<HC />
Back to Notes
Learning Notes

Real-Time Sync Is Harder Than It Looks — Clock Drift, RTT, and Server Authority

Notes on building real-time collaborative features with Socket.IO and WebRTC, and why naive timestamp-based sync falls apart under real network conditions.

May 30, 20254 min read
Socket.IOWebRTCReal-Time SystemsBackendNetworking

The Naive Approach (and Why It Breaks)

The first instinct when syncing playback position (or any shared real-time state) across clients is: client sends its current timestamp, server broadcasts it to everyone else, done. This works in a demo on localhost and falls apart immediately on real networks, for one core reason — every client's clock and network latency are different, so a raw timestamp means something different to each recipient.

Why Client Timestamps Lie

Two problems compound here:

  1. Clock skew — client device clocks aren't synchronized with each other or the server. A timestamp from client A means nothing meaningful compared to a timestamp from client B.
  2. Network latency (RTT) — the time for a message to travel client → server → client isn't zero, and it isn't constant. A message that took 40ms to arrive vs one that took 200ms needs to be interpreted differently if precise sync matters.
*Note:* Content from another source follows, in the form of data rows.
definition Bw :: "'a program \<Rightarrow> ('a set \<Rightarrow> 'a program \<Rightarrow> 'a set) \<Rightarrow> 'a set \<Rightarrow> 'a set" where
  "Bw P \<Delta> F = F \<union> \<Delta> F (PFTh P F (GL P (cmpl P F)))"

end

theory Submission
  imports Defs
begin

text \<open>Write \<open>U = GL(T_wfs)\<close>, so that \<open>F_wfs\<close> is the complement of \<open>U\<close>.
If \<open>F \<subseteq> F_wfs\<close>, then \<open>T = GL(\<bar>F) \<subseteq> GL(U) = T_wfs\<close>, so every rule of \<open>P_{T_wfs}\<close>
deriving an atom of \<open>U\<close> survives in \<open>P_{F,T}\<close>; hence \<open>U \<subseteq> LM(P_{F,T}^h)\<close>, i.e.
\<open>B(F) \<subseteq> F_wfs\<close>. By (W1) also \<open>B_w(F) \<subseteq> B(F) \<subseteq> F_wfs\<close>, and the iterates, which increase
inside the finite set \<open>At(P)\<close>, eventually stop. At a stopping point \<open>F\<close> we have
\<open>\<Delta>_w = \<emptyset>\<close>, so (W2) gives \<open>\<bar>F \<subseteq> LM(P_{F,T}^h) \<subseteq> GL(GL(\<bar>F))\<close>. Being a post-fixpoint of \<open>GL \<circ> GL\<close>,
\<open>\<bar>F\<close> lies below the greatest one, which is \<open>U\<close>; hence \<open>F_wfs \<subseteq> F\<close>.\<close>

lemma LM_unfold: "LM Q = {head r | r. r \<in> Q \<and> pos r \<subseteq> LM Q}"
  unfolding LM_def by (rule lfp_unfold) (auto simp: mono_def)

lemma LM_closed: "r \<in> Q \<Longrightarrow> pos r \<subseteq> LM Q \<Longrightarrow> head r \<in> LM Q"
  by (subst LM_unfold) blast

lemma LM_subset_heads: "LM Q \<subseteq> head ` Q"
  by (subst LM_unfold) blast

lemma LM_induct: "(\<And>r. r \<in> Q \<Longrightarrow> pos r \<subseteq> X \<Longrightarrow> head r \<in> X) \<Longrightarrow> LM Q \<subseteq> X"
  unfolding LM_def by (rule lfp_lowerbound) blast

lemma LM_mono: "Q \<subseteq> Q' \<Longrightarrow> LM Q \<subseteq> LM Q'"
  by (rule LM_induct) (auto intro: LM_closed)

lemma LM_hornpart [simp]: "LM (hornpart Q) = LM Q"
proof -
  have "{head r | r. r \<in> hornpart Q \<and> pos r \<subseteq> X} = {head r | r. r \<in> Q \<and> pos r \<subseteq> X}" for X
  proof (intro equalityI subsetI)
    fix x
    assume "x \<in> {head r | r. r \<in> Q \<and> pos r \<subseteq> X}"
    then obtain r where "r \<in> Q" "pos r \<subseteq> X" "x = head r"
      by blast
    then show "x \<in> {head r | r. r \<in> hornpart Q \<and> pos r \<subseteq> X}"
      unfolding hornpart_def by (auto intro!: exI[of _ "Rule (head r) (pos r) {}"])
  qed (auto simp: hornpart_def)
  then show ?thesis
    unfolding LM_def by simp
qed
Server-Authoritative Position Estimation

The fix is to stop trusting client-reported timestamps as ground truth and instead make the server the single source of truth for "what time is it, really, in this shared session." Clients report events (play, pause, seek) and the server timestamps them on arrival, then broadcasts a server-relative position that every client reconciles against its own estimated offset from server time — rather than broadcasting a client's raw self-reported timestamp.

NTP-Style Clock Sync

Borrowed directly from how NTP (Network Time Protocol) solves this same problem:

  1. Client sends a request to the server with its local timestamp t0
  2. Server receives it at t1, processes, and responds at t2, attaching both t1 and t2
  3. Client receives the response at t3

From these four timestamps:

round_trip_time = (t3 - t0) - (t2 - t1)
clock_offset = ((t1 - t0) + (t2 - t3)) / 2

The clock offset gives an estimate of how far off the client's clock is from the server's, and the round-trip time gives a confidence measure — a noisy/high RTT sample should be weighted less or discarded. Running this exchange a handful of times on connection (and periodically afterward) and taking a filtered average produces a much more stable offset than a single sample.

Drift Compensation

Even with a good initial offset, clocks drift over time — they don't tick at exactly the same rate. Periodically re-running the sync exchange and smoothing the offset (rather than snapping to the new value instantly) avoids visible jumps in playback position. A simple exponential moving average on the offset works well enough for this without needing a full Kalman filter.

Where WebRTC Fits In

Socket.IO (over WebSockets, relayed through the server) is the right tool for state sync — small, ordered, server-mediated messages like play/pause/seek events. It's the wrong tool for actual media transport (video/audio) because every frame would have to be relayed through the server, adding latency and server bandwidth cost for no benefit.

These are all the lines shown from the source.